I have all the relationships from this table flattened into another table, e.g. if there were three records in a single hierarchy of grandparent, parent, grandchild, there would be 3 records:
**ANCESTOR, DESCENDANT**
grantparent, parent
grandparent, grandchild
parent, grandchild
Rather than execute a hierarchical query to determine that the grandchild is a descendant of the grandparent I can simply check for the existence of a (grandparent, grandchild) record in this flattened table.
My question is, using this flattened table, how can I most efficiently return all records which are between two nodes.
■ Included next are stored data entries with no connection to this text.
(* Let $G$ be a finite group with identity $e$ and $H$ a normal subgroup of $G$. Then the extended subgroup sum graph $\Gamma^+_{G,H}$ admits a perfect code if and only if either $H\in\{\{e\},G\}$ or $G^2\subseteq H$, where $G^2=\{g^2:g\in G\}$.
   Context: For a normal subgroup $H$ of a finite group $G$, the extended subgroup sum graph $\Gamma^+_{G,H}$ is the simple undirected graph with vertex set $G$ in which distinct vertices $x,y$ are adjacent if and only if $xy\in H$. A perfect code in a graph is a set $C$ of vertices that is independent and such that every vertex not in $C$ is adjacent to exactly one vertex of $C$. *)

theory Defs
  imports "HOL-Algebra.Coset"
begin

definition ess_adj :: "('a, 'b) monoid_scheme \<Rightarrow> 'a set \<Rightarrow> 'a \<Rightarrow> 'a \<Rightarrow> bool" where
  "ess_adj G H x y \<longleftrightarrow> x \<in> carrier G \<and> y \<in> carrier G \<and> x \<noteq> y \<and> x \<otimes>\<^bsub>G\<^esub> y \<in> H"

definition perfect_code :: "'a set \<Rightarrow> ('a \<Rightarrow> 'a \<Rightarrow> bool) \<Rightarrow> 'a set \<Rightarrow> bool" where
  "perfect_code V E C \<longleftrightarrow> C \<subseteq> V \<and> (\<forall>x\<in>C. \<forall>y\<in>C. \<not> E x y)
     \<and> (\<forall>v\<in>V - C. \<exists>!c. c \<in> C \<and> E v c)"

definition has_perfect_code :: "'a set \<Rightarrow> ('a \<Rightarrow> 'a \<Rightarrow> bool) \<Rightarrow> bool" where
  "has_perfect_code V E \<longleftrightarrow> (\<exists>C. perfect_code V E C)"

end

theory Submission
  imports Defs
begin

text \<open>
  Since \<open>H\<close> is normal, \<open>x \<otimes> z \<in> H\<close> iff \<open>z \<in> H #> inv x\<close>, so adjacency only depends on the
  cosets of the two vertices: \<open>H #> g\<close> is joined completely to \<open>H #> inv g\<close> and to nothing else.
  If all squares lie in \<open>H\<close>, then \<open>H #> g = H #> inv g\<close> and adjacency is transitive, so the graph
  is a disjoint union of cliques and one vertex from each clique is a perfect code; the same holds
  for \<open>H = {\<one>}\<close>, where every vertex has at most one neighbour.  If instead \<open>g \<otimes> g \<notin> H\<close>, the
  two cosets are distinct and span a complete bipartite component with sides of size \<open>card H\<close>,
  and for \<open>card H \<ge> 2\<close> no perfect code can meet such a component correctly.
\<close>

lemma has_perfect_code_cluster_graph:
  assumes sym: "\<And>x y. E x y \<Longrightarrow> E y x"
    and irrefl: "\<And>x y. E x y \<Longrightarrow> x \<noteq> y \<and> x \<in> V \<and> y \<in> V"
    and trans: "\<And>x y z. E x y \<Longrightarrow> E y z \<Longrightarrow> x \<noteq> z \<Longrightarrow> E x z"
  shows "has_perfect_code V E"
proof -
  define R where "R x y \<longleftrightarrow> x = y \<or> E x y" for x y
  have R_sym: "R x y \<Longrightarrow> R y x" for x y
    using sym unfolding R_def by blast
  have R_trans: "R x y \<Longrightarrow> R y z \<Longrightarrow> R x z" for x y z
    using trans unfolding R_def by blast
  define rep where "rep x = (SOME y. R x y)" for x
  have R_rep: "R x (rep x)" for x
    unfolding rep_def by (rule someI [of _ x]) (simp add: R_def)
  have R_iff_rep_eq: "R x y \<longleftrightarrow> rep x = rep y" for x y
  proof
    assume "R x y"
    then have "R x = R y"
      using R_sym R_trans by (intro ext) meson
    then show "rep x = rep y"
      unfolding rep_def by simp
  next
    assume "rep x = rep y"
    then have "R x (rep y)"
      using R_rep [of x] by simp
    then show "R x y"
      by (rule R_trans [OF _ R_sym [OF R_rep [of y]]])
  qed
  have rep_rep: "rep (rep x) = rep x" for x
    using R_iff_rep_eq [of x "rep x"] R_rep [of x] by simp
  have "perfect_code V E (rep ` V)"
    unfolding perfect_code_def
  proof (intro conjI ballI)
    show "rep ` V \<subseteq> V"
    proof (rule image_subsetI)
      fix x
      assume "x \<in> V"
      then show "rep x \<in> V"
        using R_rep [of x] irrefl [of x "rep x"] unfolding R_def by auto
    qed
  next
    fix x y
    assume "x \<in> rep ` V" "y \<in> rep ` V"
    then have "rep x = x" "rep y = y"
      using rep_rep by auto
    then show "\<not> E x y"
      using R_iff_rep_eq [of x y] irrefl [of x y] unfolding R_def by auto
  next
    fix v
    assume v: "v \<in> V - rep ` V"
    show "\<exists>!c. c \<in> rep ` V \<and> E v c"
    proof (rule ex1I)
      have "rep v \<noteq> v"
        using v by (auto simp: image_iff)
      then show "rep v \<in> rep ` V \<and> E v (rep v)"
        using v R_rep [of v] unfolding R_def by blast
    next
      fix c
      assume c: "c \<in> rep ` V \<and> E v c"
      then have "rep c = rep v"
        using R_iff_rep_eq [of v c] unfolding R_def by simp
      then show "c = rep v"
        using c rep_rep by auto
    qed
  qed
  then show ?thesis
    unfolding has_perfect_code_def by blast
qed

lemma perfect_codeD:
  assumes "perfect_code V E C"
  shows perfect_code_independent: "x \<in> C \<Longrightarrow> y \<in> C \<Longrightarrow> \<not> E x y"
    and perfect_code_dominating: "v \<in> V - C \<Longrightarrow> \<exists>c\<in>C. E v c"
    and perfect_code_unique_neighbour:
      "v \<in> V - C \<Longrightarrow> c \<in> C \<Longrightarrow> c' \<in> C \<Longrightarrow> E v c \<Longrightarrow> E v c' \<Longrightarrow> c = c'"
proof -
  show "x \<in> C \<Longrightarrow> y \<in> C \<Longrightarrow> \<not> E x y"
    using assms unfolding perfect_code_def by blast
  show "v \<in> V - C \<Longrightarrow> \<exists>c\<in>C. E v c"
    using assms unfolding perfect_code_def by blast
  show "c = c'" if "v \<in> V - C" "c \<in> C" "c' \<in> C" "E v c" "E v c'"
  proof -
    have "\<exists>!c. c \<in> C \<and> E v c"
      using assms that(1) unfolding perfect_code_def by blast
    then show ?thesis
      using that(2-5) by (metis (no_types, lifting))
  qed
qed

lemma perfect_code_avoids_bipartite_side:
  assumes pc: "perfect_code V E C"
    and sym: "\<And>x y. E x y \<Longrightarrow> E y x"
    and cross: "\<And>a b. a \<in> A \<Longrightarrow> b \<in> B \<Longrightarrow> E a b"
    and nbrs_A: "\<And>a z. a \<in> A \<Longrightarrow> E a z \<Longrightarrow> z \<in> B"
    and "A \<subseteq> V" "B \<subseteq> V"
    and "a \<in> A" "a' \<in> A" "a \<noteq> a'" "b \<in> B"
  shows "C \<inter> A = {}"
proof (rule ccontr)
  assume "C \<inter> A \<noteq> {}"
  then obtain c where c: "c \<in> C" "c \<in> A"
    by blast
  have C_B: "C \<inter> B = {}"
    using perfect_code_independent [OF pc] cross c by blast
  obtain d where d: "d \<in> A" "d \<noteq> c"
    using assms(7-9) by blast
  show False
  proof (cases "d \<in> C")
    case True
    have "b \<in> V - C"
      using \<open>B \<subseteq> V\<close> \<open>b \<in> B\<close> C_B by blast
    moreover have "E b c" "E b d"
      using sym [OF cross] c d \<open>b \<in> B\<close> by auto
    ultimately show False
      using perfect_code_unique_neighbour [OF pc] d True c by blast
  next
    case False
    then obtain e where "e \<in> C" "E d e"
      using perfect_code_dominating [OF pc, of d] \<open>A \<subseteq> V\<close> d by blast
    then show False
      using nbrs_A d C_B by blast
  qed
qed

lemma no_perfect_code_complete_bipartite_component:
  assumes sym: "\<And>x y. E x y \<Longrightarrow> E y x"
    and cross: "\<And>a b. a \<in> A \<Longrightarrow> b \<in> B \<Longrightarrow> E a b"
    and nbrs_A: "\<And>a z. a \<in> A \<Longrightarrow> E a z \<Longrightarrow> z \<in> B"
    and nbrs_B: "\<And>b z. b \<in> B \<Longrightarrow> E b z \<Longrightarrow> z \<in> A"
    and "A \<subseteq> V" "B \<subseteq> V"
    and "a \<in> A" "a' \<in> A" "a \<noteq> a'"
    and "b \<in> B" "b' \<in> B" "b \<noteq> b'"
  shows "\<not> perfect_code V E C"
proof
  assume pc: "perfect_code V E C"
  have cross_BA: "E b a" if "b \<in> B" "a \<in> A" for b a
    by (rule sym [OF cross [OF that(2,1)]])
  have C_A: "C \<inter> A = {}"
    by (rule perfect_code_avoids_bipartite_side [OF pc sym cross nbrs_A assms(5-10)])
  have C_B: "C \<inter> B = {}"
    by (rule perfect_code_avoids_bipartite_side [OF pc sym cross_BA nbrs_B assms(6,5,10-12,7)])
  obtain c where "c \<in> C" "E a c"
    using perfect_code_dominating [OF pc, of a] assms(5,7) C_A by blast
  then show False
    using nbrs_A \<open>a \<in> A\<close> C_B by blast
qed

lemma (in group) inv_cancel_left [simp]:
  "x \<in> carrier G \<Longrightarrow> y \<in> carrier G \<Longrightarrow> x \<otimes> (inv x \<otimes> y) = y"
  "x \<in> carrier G \<Longrightarrow> y \<in> carrier G \<Longrightarrow> inv x \<otimes> (x \<otimes> y) = y"
  by (simp_all add: m_assoc [symmetric])

lemma (in group) subgroup_mult_mem_cancel_left:
  assumes "subgroup H G" "h \<in> H" "y \<in> carrier G"
  shows "h \<otimes> y \<in> H \<longleftrightarrow> y \<in> H"
  using assms by (metis subgroup.m_closed subgroup.m_inv_closed subgroup.mem_carrier inv_solve_left')

lemma (in normal) mult_mem_commute:
  assumes "x \<in> carrier G" "y \<in> carrier G" "x \<otimes> y \<in> H"
  shows "y \<otimes> x \<in> H"
proof -
  have "inv x \<otimes> (x \<otimes> y) \<otimes> x \<in> H"
    using inv_op_closed1 assms by blast
  then show ?thesis
    using assms by (simp add: m_assoc [symmetric])
qed

lemma (in normal) mult_mem_iff_rcos_inv:
  assumes g: "g \<in> carrier G" and x: "x \<in> H #> g" and z: "z \<in> carrier G"
  shows "x \<otimes> z \<in> H \<longleftrightarrow> z \<in> H #> inv g"
proof -
  have xc: "x \<in> carrier G"
    using elemrcos_carrier [OF is_group g x] .
  have xg: "x \<otimes> inv g \<in> H"
    using rcos_module_imp [OF is_group g x] .
  have "x \<otimes> z = (x \<otimes> inv g) \<otimes> (g \<otimes> z)"
    using g xc z by (simp add: m_assoc)
  then have "x \<otimes> z \<in> H \<longleftrightarrow> g \<otimes> z \<in> H"
    using subgroup_mult_mem_cancel_left [OF subgroup_axioms xg] g z by simp
  also have "\<dots> \<longleftrightarrow> z \<otimes> inv (inv g) \<in> H"
    using mult_mem_commute g z by auto
  also have "\<dots> \<longleftrightarrow> z \<in> H #> inv g"
    using rcos_module [OF is_group inv_closed [OF g] z] by simp
  finally show ?thesis .
qed

lemma (in normal) ess_adj_sym: "ess_adj G H x y \<Longrightarrow> ess_adj G H y x"
  unfolding ess_adj_def using mult_mem_commute by blast

lemma (in normal) ess_adj_trans:
  assumes "H = {\<one>} \<or> (\<forall>g\<in>carrier G. g \<otimes> g \<in> H)"
    and xy: "ess_adj G H x y" and yz: "ess_adj G H y z" and "x \<noteq> z"
  shows "ess_adj G H x z"
  using assms(1)
proof
  assume H: "H = {\<one>}"
  have c: "x \<in> carrier G" "y \<in> carrier G" "z \<in> carrier G"
    using xy yz unfolding ess_adj_def by auto
  have "x \<otimes> y = \<one>" "y \<otimes> z = \<one>"
    using xy yz H unfolding ess_adj_def by auto
  then have "inv y = x" "inv y = z"
    using c by (auto intro: inv_equality inv_comm)
  then have "x = z"
    by simp
  with \<open>x \<noteq> z\<close> show ?thesis ..
next
  assume squares: "\<forall>g\<in>carrier G. g \<otimes> g \<in> H"
  have c: "x \<in> carrier G" "y \<in> carrier G" "z \<in> carrier G"
    and "x \<otimes> y \<in> H" "y \<otimes> z \<in> H"
    using xy yz unfolding ess_adj_def by auto
  then have "(x \<otimes> y) \<otimes> inv (y \<otimes> y) \<otimes> (y \<otimes> z) \<in> H"
    using squares by simp
  moreover have "(x \<otimes> y) \<otimes> inv (y \<otimes> y) \<otimes> (y \<otimes> z) = x \<otimes> z"
    using c by (simp add: inv_mult_group m_assoc)
  ultimately show ?thesis
    using c \<open>x \<noteq> z\<close> unfolding ess_adj_def by simp
qed

lemma (in normal) has_perfect_code_ess_adj:
  assumes "H = {\<one>} \<or> (\<forall>g\<in>carrier G. g \<otimes> g \<in> H)"
  shows "has_perfect_code (carrier G) (ess_adj G H)"
proof (rule has_perfect_code_cluster_graph)
  show "ess_adj G H x y \<Longrightarrow> ess_adj G H y x" for x y
    by (rule ess_adj_sym)
  show "ess_adj G H x y \<Longrightarrow> x \<noteq> y \<and> x \<in> carrier G \<and> y \<in> carrier G" for x y
    by (simp add: ess_adj_def)
  show "ess_adj G H x y \<Longrightarrow> ess_adj G H y z \<Longrightarrow> x \<noteq> z \<Longrightarrow> ess_adj G H x z" for x y z
    by (rule ess_adj_trans [OF assms])
qed

lemma (in normal) no_perfect_code_ess_adj:
  assumes g: "g \<in> carrier G" "g \<otimes> g \<notin> H" and h: "h \<in> H" "h \<noteq> \<one>"
  shows "\<not> perfect_code (carrier G) (ess_adj G H) C"
proof -
  let ?A = "H #> g" and ?B = "H #> inv g"
  have A_nbrs: "x \<otimes> z \<in> H \<longleftrightarrow> z \<in> ?B" if "x \<in> ?A" "z \<in> carrier G" for x z
    using mult_mem_iff_rcos_inv [OF g(1) that] .
  have B_nbrs: "x \<otimes> z \<in> H \<longleftrightarrow> z \<in> ?A" if "x \<in> ?B" "z \<in> carrier G" for x z
    using mult_mem_iff_rcos_inv [OF inv_closed [OF g(1)] that] g(1) by simp
  have A_carrier: "?A \<subseteq> carrier G" and B_carrier: "?B \<subseteq> carrier G"
    using r_coset_subset_G [OF subset] g(1) by auto
  have g_A: "g \<in> ?A" and inv_g_B: "inv g \<in> ?B"
    using rcos_self [OF _ subgroup_axioms] g(1) by auto
  have disjoint: "?A \<inter> ?B = {}"
  proof (rule ccontr)
    assume "?A \<inter> ?B \<noteq> {}"
    then obtain x where "x \<in> ?A" "x \<in> ?B"
      by blast
    then have "g \<in> ?B"
      using A_nbrs B_nbrs g_A g(1) by blast
    then show False
      using rcos_module_imp [OF is_group inv_closed [OF g(1)]] g by simp
  qed
  have cross: "ess_adj G H a b" if "a \<in> ?A" "b \<in> ?B" for a b
    using that disjoint A_nbrs [OF that(1)] A_carrier B_carrier unfolding ess_adj_def by blast
  have A_closed: "z \<in> ?B" if "a \<in> ?A" "ess_adj G H a z" for a z
    using that A_nbrs unfolding ess_adj_def by blast
  have B_closed: "z \<in> ?A" if "b \<in> ?B" "ess_adj G H b z" for b z
    using that B_nbrs unfolding ess_adj_def by blast
  have elems: "h \<otimes> g \<in> ?A" "h \<otimes> inv g \<in> ?B" "g \<noteq> h \<otimes> g" "inv g \<noteq> h \<otimes> inv g"
    using h g(1) by (auto intro: rcosI)
  show ?thesis
  proof (rule no_perfect_code_complete_bipartite_component
      [where E = "ess_adj G H" and A = ?A and B = ?B
        and a = g and a' = "h \<otimes> g" and b = "inv g" and b' = "h \<otimes> inv g"])
    show "ess_adj G H x y \<Longrightarrow> ess_adj G H y x" for x y
      by (rule ess_adj_sym)
  qed (use cross A_closed B_closed A_carrier B_carrier g_A inv_g_B elems in blast)+
qed

theorem theorem6p1:
  fixes G :: "('a, 'b) monoid_scheme" and H :: "'a set"
  assumes "group G" and "finite (carrier G)" and "H \<lhd> G"
  shows "has_perfect_code (carrier G) (ess_adj G H)
         \<longleftrightarrow> (H = {\<one>\<^bsub>G\<^esub>} \<or> H = carrier G
              \<or> {g \<otimes>\<^bsub>G\<^esub> g | g. g \<in> carrier G} \<subseteq> H)"
proof -
  interpret normal H G
    by (fact assms(3))
  have "H = {\<one>\<^bsub>G\<^esub>} \<or> H = carrier G \<or> {g \<otimes>\<^bsub>G\<^esub> g | g. g \<in> carrier G} \<subseteq> H
    \<longleftrightarrow> H = {\<one>\<^bsub>G\<^esub>} \<or> (\<forall>g\<in>carrier G. g \<otimes>\<^bsub>G\<^esub> g \<in> H)"
    using m_closed by blast
  moreover have "has_perfect_code (carrier G) (ess_adj G H)
    \<longleftrightarrow> H = {\<one>\<^bsub>G\<^esub>} \<or> (\<forall>g\<in>carrier G. g \<otimes>\<^bsub>G\<^esub> g \<in> H)"
  proof
    assume "has_perfect_code (carrier G) (ess_adj G H)"
    then obtain C where "perfect_code (carrier G) (ess_adj G H) C"
      unfolding has_perfect_code_def by blast
    then show "H = {\<one>\<^bsub>G\<^esub>} \<or> (\<forall>g\<in>carrier G. g \<otimes>\<^bsub>G\<^esub> g \<in> H)"
      using no_perfect_code_ess_adj subgroup.one_closed [OF subgroup_axioms] by blast
  qed (rule has_perfect_code_ess_adj)
  ultimately show ?thesis
    by simp
qed

end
Using the example, with grandparent and grandchild as my parameters, how can I get back the (grandparent, parent) record.
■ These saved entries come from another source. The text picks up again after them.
lemma branch_nested_chain:
  "x \<le> m \<Longrightarrow> 4 ^ L \<le> branches_in_scope B x \<Longrightarrow>
     \<exists>ws. length ws = L \<and> sorted_wrt (branch_nested B) ws \<and>
          (\<forall>w\<in>set ws. x \<le> w \<and> w < scope_end w \<and> w \<le> m \<and> scope_end w \<le> scope_end x)"
proof (induction L arbitrary: x)
  case (Suc L)
  have "2 * 4 ^ L + 2 \<le> (4::nat) ^ Suc L" using one_le_power[of "4::nat" L] by simp
  then obtain y z where yz: "x \<le> y" "y < scope_end y" "scope_end y \<le> scope_end x" "y \<le> m" "z \<le> m"
      "branch_nested B y z" "4 ^ L \<le> branches_in_scope B z"
    using branch_nested_step[OF Suc.prems(1)] Suc.prems(2) by (meson le_trans)
  obtain ws where ws: "length ws = L" "sorted_wrt (branch_nested B) ws"
      "\<forall>w\<in>set ws. z \<le> w \<and> w < scope_end w \<and> w \<le> m \<and> scope_end w \<le> scope_end z"
    using Suc.IH[OF yz(5,7)] by blast
  have "\<forall>w\<in>set ws. branch_nested B y w"
    using ws(3) yz(6) branch_nested_shrink by blast
  moreover have "\<forall>w\<in>set (y # ws). x \<le> w \<and> w < scope_end w \<and> w \<le> m \<and> scope_end w \<le> scope_end x"
    using ws(3) yz unfolding branch_nested_def by fastforce
  ultimately show ?case using ws by (intro exI[of _ "y # ws"]) auto
qed simp

lemma branch_nested_same_colour:
  assumes "finite C" "\<forall>i\<le>m. col i \<in> C" "card C < L" "4 ^ L \<le> branches_in_scope B 0"
  shows "\<exists>b t. b \<le> m \<and> t < scope_end t \<and> branch_nested B b t \<and> col b = col t"
proof -
  obtain ws where ws: "length ws = L" "sorted_wrt (branch_nested B) ws"
      "\<forall>w\<in>set ws. w < scope_end w \<and> w \<le> m"
    using branch_nested_chain[of 0 L B] assms(4) by auto
  have "card (set (map col ws)) \<le> card C"
    using ws(3) assms(2) by (intro card_mono[OF assms(1)]) auto
  then have "\<not> distinct (map col ws)"
    using distinct_card[of "map col ws"] ws(1) assms(3) by auto
  then obtain a b where ab: "a < b" "b < length ws" "col (ws ! a) = col (ws ! b)"
    unfolding distinct_conv_nth by (metis length_map linorder_neqE_nat nth_map order.strict_trans)
  then show ?thesis
    using sorted_wrt_nth_less[OF ws(2) ab(1,2)] ws(3) nth_mem[of a ws] nth_mem[of b ws]
    by (metis order.strict_trans)
qed

end

lemma sub_append: "sub t (a @ b) = (case sub t a of None \<Rightarrow> None | Some u \<Rightarrow> sub u b)"
  by (induction t a rule: sub.induct) auto

lemma sub_snoc_Node:
  "sub D v = Some (Node A x cs) \<Longrightarrow> sub D (v @ [c]) = Some u \<Longrightarrow> c < length cs \<and> cs ! c = u"
  by (simp add: sub_append split: if_splits)

lemma valid_tree_sub: "valid_tree G t \<Longrightarrow> sub t a = Some u \<Longrightarrow> valid_tree G u"
  by (induction t a arbitrary: u rule: sub.induct) (auto split: if_splits)

lemma is_internal_take:
  assumes "is_internal D ps"
  shows "is_internal D (take i ps)"
proof -
  obtain A x cs where "sub D (take i ps @ drop i ps) = Some (Node A x cs)"
    using assms unfolding is_internal_def by auto
  then obtain u where "sub D (take i ps) = Some u" "sub u (drop i ps) = Some (Node A x cs)"
    unfolding sub_append by (auto split: option.splits)
  then show ?thesis unfolding is_internal_def by (cases u; cases "drop i ps") auto
qed

lemma labels_Inl_Node:
  assumes "map lab cs = map (\<lambda>C. Inl (C, y)) bs" "c \<in> set cs"
  shows "\<exists>B ds. c = Node B y ds"
proof -
  have "lab c \<in> (\<lambda>C. Inl (C, y)) ` set bs" using assms by (metis image_eqI list.set_map)
  then show ?thesis by (cases c) auto
qed

lemma applies_children:
  assumes "applies p A x cs"
  obtains y where "length y \<le> Suc (length x)" "\<forall>c\<in>set cs. \<exists>B ds. c = Node B y ds"
  | "\<forall>c\<in>set cs. \<exists>w. c = Leaf w"
proof (cases p)
  case (PRule B r)
  then obtain bs where "map lab cs = map (\<lambda>C. Inl (C, x)) bs" using assms by auto
  then show ?thesis by (intro that(1)[of x]) (use labels_Inl_Node in auto)
next
  case (PPush B C f)
  then have "map lab cs = map (\<lambda>C. Inl (C, f # x)) [C]" using assms by auto
  then show ?thesis using that(1)[of "f # x"] labels_Inl_Node by fastforce
next
  case (PPop B f r)
  then consider y bs where "x = f # y" "map lab cs = map (\<lambda>C. Inl (C, y)) bs"
    | w where "map lab cs = [Inr w]"
    using assms by auto
  then show ?thesis
  proof cases
    case 1
    then show ?thesis using that(1)[of y] labels_Inl_Node by fastforce
  next
    case 2
    have "\<exists>w. c = Leaf w" if "c \<in> set cs" for c
      using 2 that by (cases c) (auto simp: map_eq_Cons_conv)
    then show ?thesis using that(2) by blast
  qed
qed

lemma valid_tree_nt:
  assumes "igrammar G" "valid_tree G D" "sub D v = Some (Node A x cs)"
  shows "A \<in> nts G"
proof -
  obtain p where p: "p \<in> prods G" "applies p A x cs"
    using valid_tree_sub[OF assms(2,3)] by auto
  have "prod_ok G p" using p(1) assms(1) unfolding igrammar_def by auto
  then show ?thesis using p(2) by (cases p) auto
qed

lemma valid_tree_siblings:
  assumes "valid_tree G D" "sub D v = Some (Node A x cs)"
    and "sub D (v @ [c]) = Some (Node B y ds)" "sub D (v @ [c']) = Some u"
  shows "length y \<le> Suc (length x) \<and> (\<exists>B' ds'. u = Node B' y ds')"
proof -
  obtain p where "applies p A x cs" using valid_tree_sub[OF assms(1,2)] by auto
  moreover have mem: "Node B y ds \<in> set cs" "u \<in> set cs"
    using sub_snoc_Node[OF assms(2,3)] sub_snoc_Node[OF assms(2,4)] by (metis nth_mem)+
  ultimately show ?thesis
  proof (cases rule: applies_children)
    case (1 y')
    then have "y' = y" using mem(1) by auto
    then show ?thesis using 1 mem(2) by auto
  next
    case 2
    then show ?thesis using mem(1) by auto
  qed
qed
I do not want to use a hierarchical query to solve this... I'm wondering if it's possible to do this without any joins.
Solution
SELECT *
FROM mytable
WHERE descendant = @descendant
AND hops <
(
SELECT hops
FROM mytable
WHERE descendant = @descendant
AND ancestor = @ancestor
)
This will automatically take care of cases when @ancestor is not really a @descendant's ancestor.
Create an index on (descendant, hops) for this to work fast.
OTHER TIPS
Try:
select h1.descendant intermediate_node
from hierarchy h0
join hierarchy h1
on h0.ancestor = h1.ancestor
and h0.hops > h1.hops -- redundant condition, but may improve performance
join hierarchy h2
on h1.ancestor = h2.ancestor
and h0.descendant = h2.descendant
where h0.ancestor = :ancestor and h0.descendant = :descendant
SELECT
distinct ancestor
FROM
hierarchy
WHERE descendant = :1 AND
ancestor IN (
SELECT
distinct descendant
FROM
hierarchy WHERE ancestor = :2
)